[Input records]
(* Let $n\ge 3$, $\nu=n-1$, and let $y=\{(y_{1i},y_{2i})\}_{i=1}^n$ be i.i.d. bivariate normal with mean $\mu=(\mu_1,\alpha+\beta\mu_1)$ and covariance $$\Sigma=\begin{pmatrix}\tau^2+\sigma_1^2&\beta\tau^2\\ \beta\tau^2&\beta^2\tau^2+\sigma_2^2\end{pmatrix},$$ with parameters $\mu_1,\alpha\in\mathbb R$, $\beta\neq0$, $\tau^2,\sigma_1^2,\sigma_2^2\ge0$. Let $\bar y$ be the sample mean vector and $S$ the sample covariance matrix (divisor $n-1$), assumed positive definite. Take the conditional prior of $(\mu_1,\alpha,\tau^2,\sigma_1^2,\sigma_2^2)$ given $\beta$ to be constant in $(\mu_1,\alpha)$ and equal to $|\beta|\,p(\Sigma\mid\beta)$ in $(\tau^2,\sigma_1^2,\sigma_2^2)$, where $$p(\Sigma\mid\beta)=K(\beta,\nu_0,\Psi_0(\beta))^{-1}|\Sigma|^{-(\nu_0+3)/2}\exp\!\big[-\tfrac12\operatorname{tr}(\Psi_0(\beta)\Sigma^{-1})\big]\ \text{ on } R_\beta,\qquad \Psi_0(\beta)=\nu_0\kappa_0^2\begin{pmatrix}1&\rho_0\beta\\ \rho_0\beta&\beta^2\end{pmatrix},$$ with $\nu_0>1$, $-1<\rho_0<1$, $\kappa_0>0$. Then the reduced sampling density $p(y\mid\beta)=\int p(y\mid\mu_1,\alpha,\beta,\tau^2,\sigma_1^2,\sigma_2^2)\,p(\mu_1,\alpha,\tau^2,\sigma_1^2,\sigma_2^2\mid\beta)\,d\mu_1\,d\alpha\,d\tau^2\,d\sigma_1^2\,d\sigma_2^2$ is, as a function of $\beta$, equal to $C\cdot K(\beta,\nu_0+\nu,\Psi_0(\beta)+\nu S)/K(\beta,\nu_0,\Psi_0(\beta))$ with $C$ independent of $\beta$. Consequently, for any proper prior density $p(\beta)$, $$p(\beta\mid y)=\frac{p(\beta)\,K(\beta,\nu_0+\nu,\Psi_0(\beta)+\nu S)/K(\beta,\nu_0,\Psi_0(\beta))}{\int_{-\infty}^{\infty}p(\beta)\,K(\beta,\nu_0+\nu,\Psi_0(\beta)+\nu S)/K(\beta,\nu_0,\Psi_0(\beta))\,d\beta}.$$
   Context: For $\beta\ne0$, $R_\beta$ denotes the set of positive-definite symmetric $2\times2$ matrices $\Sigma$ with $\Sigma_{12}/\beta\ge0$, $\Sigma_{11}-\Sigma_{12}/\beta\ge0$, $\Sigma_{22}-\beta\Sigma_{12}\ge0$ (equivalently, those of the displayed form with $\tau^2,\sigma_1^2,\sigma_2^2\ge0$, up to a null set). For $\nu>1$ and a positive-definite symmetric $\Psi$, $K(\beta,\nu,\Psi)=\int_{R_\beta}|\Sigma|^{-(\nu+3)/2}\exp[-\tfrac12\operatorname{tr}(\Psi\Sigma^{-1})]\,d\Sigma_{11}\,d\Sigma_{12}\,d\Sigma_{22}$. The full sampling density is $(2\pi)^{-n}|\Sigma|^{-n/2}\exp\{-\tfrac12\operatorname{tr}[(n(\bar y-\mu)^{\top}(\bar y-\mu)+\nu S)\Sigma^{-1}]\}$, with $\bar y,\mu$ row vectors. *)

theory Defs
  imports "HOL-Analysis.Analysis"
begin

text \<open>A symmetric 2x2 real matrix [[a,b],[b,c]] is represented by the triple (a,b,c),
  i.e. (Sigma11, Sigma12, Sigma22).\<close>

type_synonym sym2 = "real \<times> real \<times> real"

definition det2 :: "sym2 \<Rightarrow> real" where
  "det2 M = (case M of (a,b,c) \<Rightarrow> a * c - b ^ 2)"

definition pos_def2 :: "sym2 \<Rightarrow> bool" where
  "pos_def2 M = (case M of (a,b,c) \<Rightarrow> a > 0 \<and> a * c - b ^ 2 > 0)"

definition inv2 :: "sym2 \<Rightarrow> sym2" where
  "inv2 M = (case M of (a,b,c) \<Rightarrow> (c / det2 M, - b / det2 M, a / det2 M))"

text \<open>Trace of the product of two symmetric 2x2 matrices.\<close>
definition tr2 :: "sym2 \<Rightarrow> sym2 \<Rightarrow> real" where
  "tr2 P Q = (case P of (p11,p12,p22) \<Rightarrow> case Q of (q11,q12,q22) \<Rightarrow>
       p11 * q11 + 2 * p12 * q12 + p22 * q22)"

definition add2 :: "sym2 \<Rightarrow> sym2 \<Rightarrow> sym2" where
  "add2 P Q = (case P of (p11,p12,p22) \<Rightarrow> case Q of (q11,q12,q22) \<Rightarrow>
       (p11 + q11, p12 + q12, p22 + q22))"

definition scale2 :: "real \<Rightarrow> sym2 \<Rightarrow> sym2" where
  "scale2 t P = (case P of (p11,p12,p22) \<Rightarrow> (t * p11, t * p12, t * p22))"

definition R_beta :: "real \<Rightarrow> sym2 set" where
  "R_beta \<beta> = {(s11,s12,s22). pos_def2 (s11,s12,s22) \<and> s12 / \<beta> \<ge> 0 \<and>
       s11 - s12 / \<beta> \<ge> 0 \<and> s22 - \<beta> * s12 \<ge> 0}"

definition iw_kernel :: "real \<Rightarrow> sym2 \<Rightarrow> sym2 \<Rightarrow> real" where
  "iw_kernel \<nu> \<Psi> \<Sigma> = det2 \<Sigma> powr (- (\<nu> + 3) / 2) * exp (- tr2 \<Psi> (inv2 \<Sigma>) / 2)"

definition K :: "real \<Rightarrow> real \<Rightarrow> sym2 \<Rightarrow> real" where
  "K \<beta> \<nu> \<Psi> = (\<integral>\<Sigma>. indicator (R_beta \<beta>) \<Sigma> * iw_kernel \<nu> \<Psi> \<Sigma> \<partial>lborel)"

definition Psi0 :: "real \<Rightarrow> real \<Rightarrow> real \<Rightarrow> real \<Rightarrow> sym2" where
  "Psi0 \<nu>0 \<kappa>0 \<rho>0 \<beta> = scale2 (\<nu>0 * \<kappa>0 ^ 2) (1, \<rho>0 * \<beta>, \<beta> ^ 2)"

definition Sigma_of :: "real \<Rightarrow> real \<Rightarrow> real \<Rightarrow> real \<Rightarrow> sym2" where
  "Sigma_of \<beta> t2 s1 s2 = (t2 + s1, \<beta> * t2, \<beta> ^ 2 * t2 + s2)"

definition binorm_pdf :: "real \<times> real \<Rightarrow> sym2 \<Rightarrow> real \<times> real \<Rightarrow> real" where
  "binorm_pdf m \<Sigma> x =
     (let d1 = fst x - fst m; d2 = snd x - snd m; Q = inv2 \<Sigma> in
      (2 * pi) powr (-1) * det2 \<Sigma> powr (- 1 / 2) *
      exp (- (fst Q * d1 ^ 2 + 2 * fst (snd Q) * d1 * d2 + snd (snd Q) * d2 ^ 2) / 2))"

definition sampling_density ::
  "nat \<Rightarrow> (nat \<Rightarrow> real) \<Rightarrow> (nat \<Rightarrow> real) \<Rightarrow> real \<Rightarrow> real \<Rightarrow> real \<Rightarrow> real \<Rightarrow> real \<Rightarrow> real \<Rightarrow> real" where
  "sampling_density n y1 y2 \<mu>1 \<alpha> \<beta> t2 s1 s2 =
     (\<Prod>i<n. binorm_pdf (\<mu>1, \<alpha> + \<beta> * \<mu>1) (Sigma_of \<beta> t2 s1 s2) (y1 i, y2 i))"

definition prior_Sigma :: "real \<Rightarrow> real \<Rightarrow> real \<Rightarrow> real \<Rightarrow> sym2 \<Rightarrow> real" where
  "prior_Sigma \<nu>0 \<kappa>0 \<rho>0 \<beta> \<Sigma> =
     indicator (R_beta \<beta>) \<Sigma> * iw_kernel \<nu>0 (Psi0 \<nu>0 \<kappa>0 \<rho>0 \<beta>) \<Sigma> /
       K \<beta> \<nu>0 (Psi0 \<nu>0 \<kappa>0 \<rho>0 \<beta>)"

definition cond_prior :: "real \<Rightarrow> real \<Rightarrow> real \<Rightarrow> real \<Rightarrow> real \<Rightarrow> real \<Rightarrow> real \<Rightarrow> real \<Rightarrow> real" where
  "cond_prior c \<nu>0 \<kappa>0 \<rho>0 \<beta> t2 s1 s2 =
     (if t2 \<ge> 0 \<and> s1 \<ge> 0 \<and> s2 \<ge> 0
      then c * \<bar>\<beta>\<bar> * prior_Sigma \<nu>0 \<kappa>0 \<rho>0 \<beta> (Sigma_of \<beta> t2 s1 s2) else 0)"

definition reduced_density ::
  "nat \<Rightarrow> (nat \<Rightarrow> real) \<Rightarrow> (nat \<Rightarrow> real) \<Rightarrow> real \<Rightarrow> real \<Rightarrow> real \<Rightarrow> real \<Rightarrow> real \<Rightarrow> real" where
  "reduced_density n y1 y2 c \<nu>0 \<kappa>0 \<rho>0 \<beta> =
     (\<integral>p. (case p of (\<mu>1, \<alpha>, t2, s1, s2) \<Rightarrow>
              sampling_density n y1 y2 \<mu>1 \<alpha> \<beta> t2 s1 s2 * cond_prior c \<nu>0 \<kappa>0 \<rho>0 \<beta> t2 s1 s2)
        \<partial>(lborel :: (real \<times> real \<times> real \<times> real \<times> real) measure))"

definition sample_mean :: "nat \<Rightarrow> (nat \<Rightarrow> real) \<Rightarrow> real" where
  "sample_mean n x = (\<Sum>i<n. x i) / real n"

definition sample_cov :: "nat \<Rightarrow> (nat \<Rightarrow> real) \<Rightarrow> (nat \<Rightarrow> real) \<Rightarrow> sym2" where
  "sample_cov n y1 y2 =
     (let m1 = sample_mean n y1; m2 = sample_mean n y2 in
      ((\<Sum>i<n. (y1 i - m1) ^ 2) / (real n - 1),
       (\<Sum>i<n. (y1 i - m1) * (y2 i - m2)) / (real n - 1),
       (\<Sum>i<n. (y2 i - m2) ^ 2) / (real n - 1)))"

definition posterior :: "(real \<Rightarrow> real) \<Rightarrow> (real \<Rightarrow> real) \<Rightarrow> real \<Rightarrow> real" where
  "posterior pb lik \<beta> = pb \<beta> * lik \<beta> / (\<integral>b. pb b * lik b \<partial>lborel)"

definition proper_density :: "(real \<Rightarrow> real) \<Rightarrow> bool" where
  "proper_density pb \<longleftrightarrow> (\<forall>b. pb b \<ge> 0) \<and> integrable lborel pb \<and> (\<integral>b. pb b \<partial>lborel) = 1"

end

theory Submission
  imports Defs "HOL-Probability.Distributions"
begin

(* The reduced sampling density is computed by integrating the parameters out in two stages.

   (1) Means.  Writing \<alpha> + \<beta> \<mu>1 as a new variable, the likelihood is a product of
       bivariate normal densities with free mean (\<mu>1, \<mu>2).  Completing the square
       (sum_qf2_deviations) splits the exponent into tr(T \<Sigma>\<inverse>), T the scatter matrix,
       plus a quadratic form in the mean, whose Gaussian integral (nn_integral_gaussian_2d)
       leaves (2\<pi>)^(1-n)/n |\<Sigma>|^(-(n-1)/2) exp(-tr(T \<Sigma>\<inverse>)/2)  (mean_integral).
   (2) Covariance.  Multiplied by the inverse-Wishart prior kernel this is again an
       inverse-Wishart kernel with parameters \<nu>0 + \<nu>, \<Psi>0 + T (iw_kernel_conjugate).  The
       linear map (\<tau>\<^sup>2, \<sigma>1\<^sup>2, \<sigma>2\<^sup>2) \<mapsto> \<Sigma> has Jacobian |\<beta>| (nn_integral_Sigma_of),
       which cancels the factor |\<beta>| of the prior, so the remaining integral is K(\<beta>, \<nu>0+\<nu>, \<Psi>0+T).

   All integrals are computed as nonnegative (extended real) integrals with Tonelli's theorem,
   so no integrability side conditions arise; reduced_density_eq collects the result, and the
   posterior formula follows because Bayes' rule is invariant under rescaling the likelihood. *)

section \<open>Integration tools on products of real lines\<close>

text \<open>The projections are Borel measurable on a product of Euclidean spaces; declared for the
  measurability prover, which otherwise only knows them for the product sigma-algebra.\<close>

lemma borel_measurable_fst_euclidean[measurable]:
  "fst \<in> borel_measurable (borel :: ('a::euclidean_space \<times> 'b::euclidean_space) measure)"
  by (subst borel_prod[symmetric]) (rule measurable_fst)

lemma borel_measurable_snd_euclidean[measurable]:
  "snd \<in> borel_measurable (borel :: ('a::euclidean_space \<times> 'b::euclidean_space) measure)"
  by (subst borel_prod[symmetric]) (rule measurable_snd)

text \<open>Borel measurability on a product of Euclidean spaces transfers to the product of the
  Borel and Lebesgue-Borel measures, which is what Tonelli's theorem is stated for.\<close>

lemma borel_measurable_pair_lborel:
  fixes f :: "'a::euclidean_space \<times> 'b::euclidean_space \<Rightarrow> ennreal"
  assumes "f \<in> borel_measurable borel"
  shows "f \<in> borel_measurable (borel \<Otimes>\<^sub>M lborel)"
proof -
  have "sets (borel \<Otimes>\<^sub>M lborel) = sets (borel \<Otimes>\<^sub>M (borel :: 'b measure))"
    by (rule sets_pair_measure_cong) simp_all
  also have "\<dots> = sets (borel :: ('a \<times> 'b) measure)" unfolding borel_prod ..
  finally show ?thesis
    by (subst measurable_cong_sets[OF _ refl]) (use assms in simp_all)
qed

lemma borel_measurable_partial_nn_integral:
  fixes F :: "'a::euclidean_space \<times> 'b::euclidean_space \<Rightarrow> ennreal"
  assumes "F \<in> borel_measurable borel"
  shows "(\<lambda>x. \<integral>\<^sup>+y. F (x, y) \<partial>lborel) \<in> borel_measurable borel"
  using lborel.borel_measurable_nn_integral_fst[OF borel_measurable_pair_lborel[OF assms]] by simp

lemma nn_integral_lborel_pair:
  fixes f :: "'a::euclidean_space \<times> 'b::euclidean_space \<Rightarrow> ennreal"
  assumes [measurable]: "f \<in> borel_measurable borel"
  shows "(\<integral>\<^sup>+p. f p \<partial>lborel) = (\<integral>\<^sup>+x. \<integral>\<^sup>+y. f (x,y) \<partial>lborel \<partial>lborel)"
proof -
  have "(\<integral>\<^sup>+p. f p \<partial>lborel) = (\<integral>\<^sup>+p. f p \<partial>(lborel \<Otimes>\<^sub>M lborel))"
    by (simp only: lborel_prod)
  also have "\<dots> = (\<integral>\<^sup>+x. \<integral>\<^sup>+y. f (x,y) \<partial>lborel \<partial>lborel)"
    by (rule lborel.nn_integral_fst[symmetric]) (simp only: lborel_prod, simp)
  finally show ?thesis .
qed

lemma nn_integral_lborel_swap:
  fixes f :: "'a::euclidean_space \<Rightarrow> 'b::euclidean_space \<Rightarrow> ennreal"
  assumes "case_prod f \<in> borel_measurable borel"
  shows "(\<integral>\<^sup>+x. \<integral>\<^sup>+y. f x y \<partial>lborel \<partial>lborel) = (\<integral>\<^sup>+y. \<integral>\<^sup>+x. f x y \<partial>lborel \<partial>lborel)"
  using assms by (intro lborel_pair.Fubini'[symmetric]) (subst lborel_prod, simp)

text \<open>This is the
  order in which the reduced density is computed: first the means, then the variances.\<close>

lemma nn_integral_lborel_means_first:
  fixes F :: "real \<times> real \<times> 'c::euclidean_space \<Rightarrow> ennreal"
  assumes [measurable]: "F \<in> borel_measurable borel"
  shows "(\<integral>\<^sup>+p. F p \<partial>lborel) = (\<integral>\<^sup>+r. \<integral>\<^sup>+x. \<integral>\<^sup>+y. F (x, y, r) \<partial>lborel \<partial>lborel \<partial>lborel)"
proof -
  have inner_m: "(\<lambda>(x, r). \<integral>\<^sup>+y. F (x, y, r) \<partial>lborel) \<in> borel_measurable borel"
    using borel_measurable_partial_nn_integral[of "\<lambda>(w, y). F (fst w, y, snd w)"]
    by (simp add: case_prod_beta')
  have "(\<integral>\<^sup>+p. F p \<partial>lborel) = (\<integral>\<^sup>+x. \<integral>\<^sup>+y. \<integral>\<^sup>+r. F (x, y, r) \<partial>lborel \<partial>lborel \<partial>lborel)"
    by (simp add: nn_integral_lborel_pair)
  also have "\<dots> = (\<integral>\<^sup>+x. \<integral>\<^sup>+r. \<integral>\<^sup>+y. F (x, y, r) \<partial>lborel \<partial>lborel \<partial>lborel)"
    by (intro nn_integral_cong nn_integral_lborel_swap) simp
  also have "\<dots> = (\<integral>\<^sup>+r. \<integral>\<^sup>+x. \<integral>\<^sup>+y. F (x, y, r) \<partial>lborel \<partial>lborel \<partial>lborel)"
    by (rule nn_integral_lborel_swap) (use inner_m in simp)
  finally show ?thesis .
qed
[/Input records]
Task to complete: Begin with the line above that has "which cancels the" and continue through the line that has "text \<open>The projections", setting each one down exactly. Stop there.

Response to the exercise:
       which cancels the factor |\<beta>| of the prior, so the remaining integral is K(\<beta>, \<nu>0+\<nu>, \<Psi>0+T).

   All integrals are computed as nonnegative (extended real) integrals with Tonelli's theorem,
   so no integrability side conditions arise; reduced_density_eq collects the result, and the
   posterior formula follows because Bayes' rule is invariant under rescaling the likelihood. *)

section \<open>Integration tools on products of real lines\<close>

text \<open>The projections are Borel measurable on a product of Euclidean spaces; declared for the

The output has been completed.